Input data:

(* Let $p>2$ be prime, let $\mathcal{C}$ be a $\mathbb{Z}_p\mathbb{Z}_{p^2}$-additive code of type $(\alpha,\beta;\gamma,\delta;\kappa)$ with generator matrix $\mathcal{G}$, and let $C=\Phi(\mathcal{C})$ with $\ker(C)=\gamma+2\delta-\bar k$, where $\bar k\in\{1,2,\ldots,\delta\}$. Then there exists a set $\{\mathbf{v}_1,\ldots,\mathbf{v}_{\bar k}\}$ of rows of order $p^2$ in $\mathcal{G}$ with $\Phi(\mathbf{v}_i)\notin K(C)$ such that $$C=\bigcup_{a_1,\ldots,a_{\bar k}\in\mathbb{Z}_p}\left(K(C)+\Phi\left(\sum_{i=1}^{\bar k}a_i\mathbf{v}_i\right)\right).$$
   Context: A $\mathbb{Z}_p\mathbb{Z}_{p^2}$-additive code $\mathcal{C}$ is a subgroup of $\mathbb{Z}_p^\alpha\times\mathbb{Z}_{p^2}^\beta$; as a group $\mathcal{C}\cong\mathbb{Z}_p^\gamma\times\mathbb{Z}_{p^2}^\delta$, and if $\kappa$ is the $\mathbb{Z}_p$-dimension of the projection onto the first $\alpha$ coordinates of the subcode of codewords of order dividing $p$, $\mathcal{C}$ has type $(\alpha,\beta;\gamma,\delta;\kappa)$. A generator matrix $\mathcal{G}$ has rows $\mathbf{u}_1,\ldots,\mathbf{u}_\gamma$ of order $p$ and rows of order $p^2$, $\delta$ in number, such that every codeword is uniquely $\sum\lambda_i\mathbf{u}_i+\sum\nu_j\mathbf{v}_j$ ($\lambda_i\in\mathbb{Z}_p$, $\nu_j\in\mathbb{Z}_{p^2}$). The Gray map is $\phi(\theta)=\theta''(1,\ldots,1)+\theta'(0,1,\ldots,p-1)$ for $\theta=\theta''p+\theta'\in\mathbb{Z}_{p^2}$, $\theta',\theta''\in\{0,\ldots,p-1\}$, and $\Phi(\mathbf{x},\mathbf{y})=(\mathbf{x},\phi(y_1),\ldots,\phi(y_\beta))$. The kernel of $C\subseteq\mathbb{Z}_p^n$ is $K(C)=\{\mathbf{x}\in\mathbb{Z}_p^n\mid C+\mathbf{x}=C\}$, a $\mathbb{Z}_p$-linear space, and $\ker(C)$ is its dimension. Elements $a_i\in\mathbb{Z}_p$ are identified with integers in $\{0,\ldots,p-1\}$ when multiplying vectors. *)

theory Defs
  imports "HOL-Computational_Algebra.Primes"
begin

text \<open>Vectors over Z_m are int lists with entries in {0..<m}; a mixed vector in
Z_p^alpha x Z_{p^2}^beta is a pair of int lists.\<close>

definition vadd :: "int \<Rightarrow> int list \<Rightarrow> int list \<Rightarrow> int list" where
  "vadd m xs ys = map2 (\<lambda>a b. (a + b) mod m) xs ys"

definition vsmul :: "int \<Rightarrow> int \<Rightarrow> int list \<Rightarrow> int list" where
  "vsmul m c xs = map (\<lambda>a. (c * a) mod m) xs"

definition madd :: "int \<Rightarrow> int list \<times> int list \<Rightarrow> int list \<times> int list \<Rightarrow> int list \<times> int list" where
  "madd p u v = (vadd p (fst u) (fst v), vadd (p^2) (snd u) (snd v))"

definition msmul :: "int \<Rightarrow> int \<Rightarrow> int list \<times> int list \<Rightarrow> int list \<times> int list" where
  "msmul p c u = (vsmul p c (fst u), vsmul (p^2) c (snd u))"

definition mzero :: "nat \<Rightarrow> nat \<Rightarrow> int list \<times> int list" where
  "mzero \<alpha> \<beta> = (replicate \<alpha> 0, replicate \<beta> 0)"
lemma dim_bd_chains_split:
  "cs.dim (bd V_del (Ind V_del E) ` chains K (Ind V_del E) k)
     + cs.dim (star_part v ` bd V (Ind V E) ` star_part v ` chains K (Ind V E) k)
   \<le> cs.dim (bd V (Ind V E) ` chains K (Ind V E) k)"
proof -
  let ?B = "bd V (Ind V E) ` chains K (Ind V E) k"
  have B: "cs.subspace ?B" "?B \<subseteq> supported_on (Ind V E)"
    by (rule subspace_linear_image[OF linear_bd subspace_chains])
      (rule image_subsetI, rule bd_supported_on)
  have "bd V_del (Ind V_del E) ` chains K (Ind V_del E) k \<subseteq> {x \<in> ?B. star_part v x = 0}"
    by (rule bd_chains_del_subset)
  then have "cs.dim (bd V_del (Ind V_del E) ` chains K (Ind V_del E) k)
               \<le> cs.dim {x \<in> ?B. star_part v x = 0}"
    by (rule cs.dim_mono_finite_span[OF _ finite_face_indicators span_face_indicators])
      (use B(2) in auto)
  moreover have "cs.dim (star_part v ` bd V (Ind V E) ` star_part v ` chains K (Ind V E) k)
                   \<le> cs.dim (star_part v ` ?B)"
  proof (rule cs.dim_mono_finite_span[OF _ finite_face_indicators span_face_indicators])
    show "star_part v ` bd V (Ind V E) ` star_part v ` chains K (Ind V E) k \<subseteq> star_part v ` ?B"
      by (intro image_mono star_part_chains)
    show "star_part v ` ?B \<subseteq> supported_on (Ind V E)"
      using B(2) by (auto intro: star_part_supported_on)
  qed
  ultimately show ?thesis
    using cs.rank_nullity_finite_span[OF linear_star_part[of v] B(1) finite_face_indicators
        span_face_indicators[OF B(2)]] by linarith
qed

Task instructions: Wherever the word "kappa" appears in a line of the data above, copy that line.

Output below:
(* Let $p>2$ be prime, let $\mathcal{C}$ be a $\mathbb{Z}_p\mathbb{Z}_{p^2}$-additive code of type $(\alpha,\beta;\gamma,\delta;\kappa)$ with generator matrix $\mathcal{G}$, and let $C=\Phi(\mathcal{C})$ with $\ker(C)=\gamma+2\delta-\bar k$, where $\bar k\in\{1,2,\ldots,\delta\}$. Then there exists a set $\{\mathbf{v}_1,\ldots,\mathbf{v}_{\bar k}\}$ of rows of order $p^2$ in $\mathcal{G}$ with $\Phi(\mathbf{v}_i)\notin K(C)$ such that $$C=\bigcup_{a_1,\ldots,a_{\bar k}\in\mathbb{Z}_p}\left(K(C)+\Phi\left(\sum_{i=1}^{\bar k}a_i\mathbf{v}_i\right)\right).$$
   Context: A $\mathbb{Z}_p\mathbb{Z}_{p^2}$-additive code $\mathcal{C}$ is a subgroup of $\mathbb{Z}_p^\alpha\times\mathbb{Z}_{p^2}^\beta$; as a group $\mathcal{C}\cong\mathbb{Z}_p^\gamma\times\mathbb{Z}_{p^2}^\delta$, and if $\kappa$ is the $\mathbb{Z}_p$-dimension of the projection onto the first $\alpha$ coordinates of the subcode of codewords of order dividing $p$, $\mathcal{C}$ has type $(\alpha,\beta;\gamma,\delta;\kappa)$. A generator matrix $\mathcal{G}$ has rows $\mathbf{u}_1,\ldots,\mathbf{u}_\gamma$ of order $p$ and rows of order $p^2$, $\delta$ in number, such that every codeword is uniquely $\sum\lambda_i\mathbf{u}_i+\sum\nu_j\mathbf{v}_j$ ($\lambda_i\in\mathbb{Z}_p$, $\nu_j\in\mathbb{Z}_{p^2}$). The Gray map is $\phi(\theta)=\theta''(1,\ldots,1)+\theta'(0,1,\ldots,p-1)$ for $\theta=\theta''p+\theta'\in\mathbb{Z}_{p^2}$, $\theta',\theta''\in\{0,\ldots,p-1\}$, and $\Phi(\mathbf{x},\mathbf{y})=(\mathbf{x},\phi(y_1),\ldots,\phi(y_\beta))$. The kernel of $C\subseteq\mathbb{Z}_p^n$ is $K(C)=\{\mathbf{x}\in\mathbb{Z}_p^n\mid C+\mathbf{x}=C\}$, a $\mathbb{Z}_p$-linear space, and $\ker(C)$ is its dimension. Elements $a_i\in\mathbb{Z}_p$ are identified with integers in $\{0,\ldots,p-1\}$ when multiplying vectors. *)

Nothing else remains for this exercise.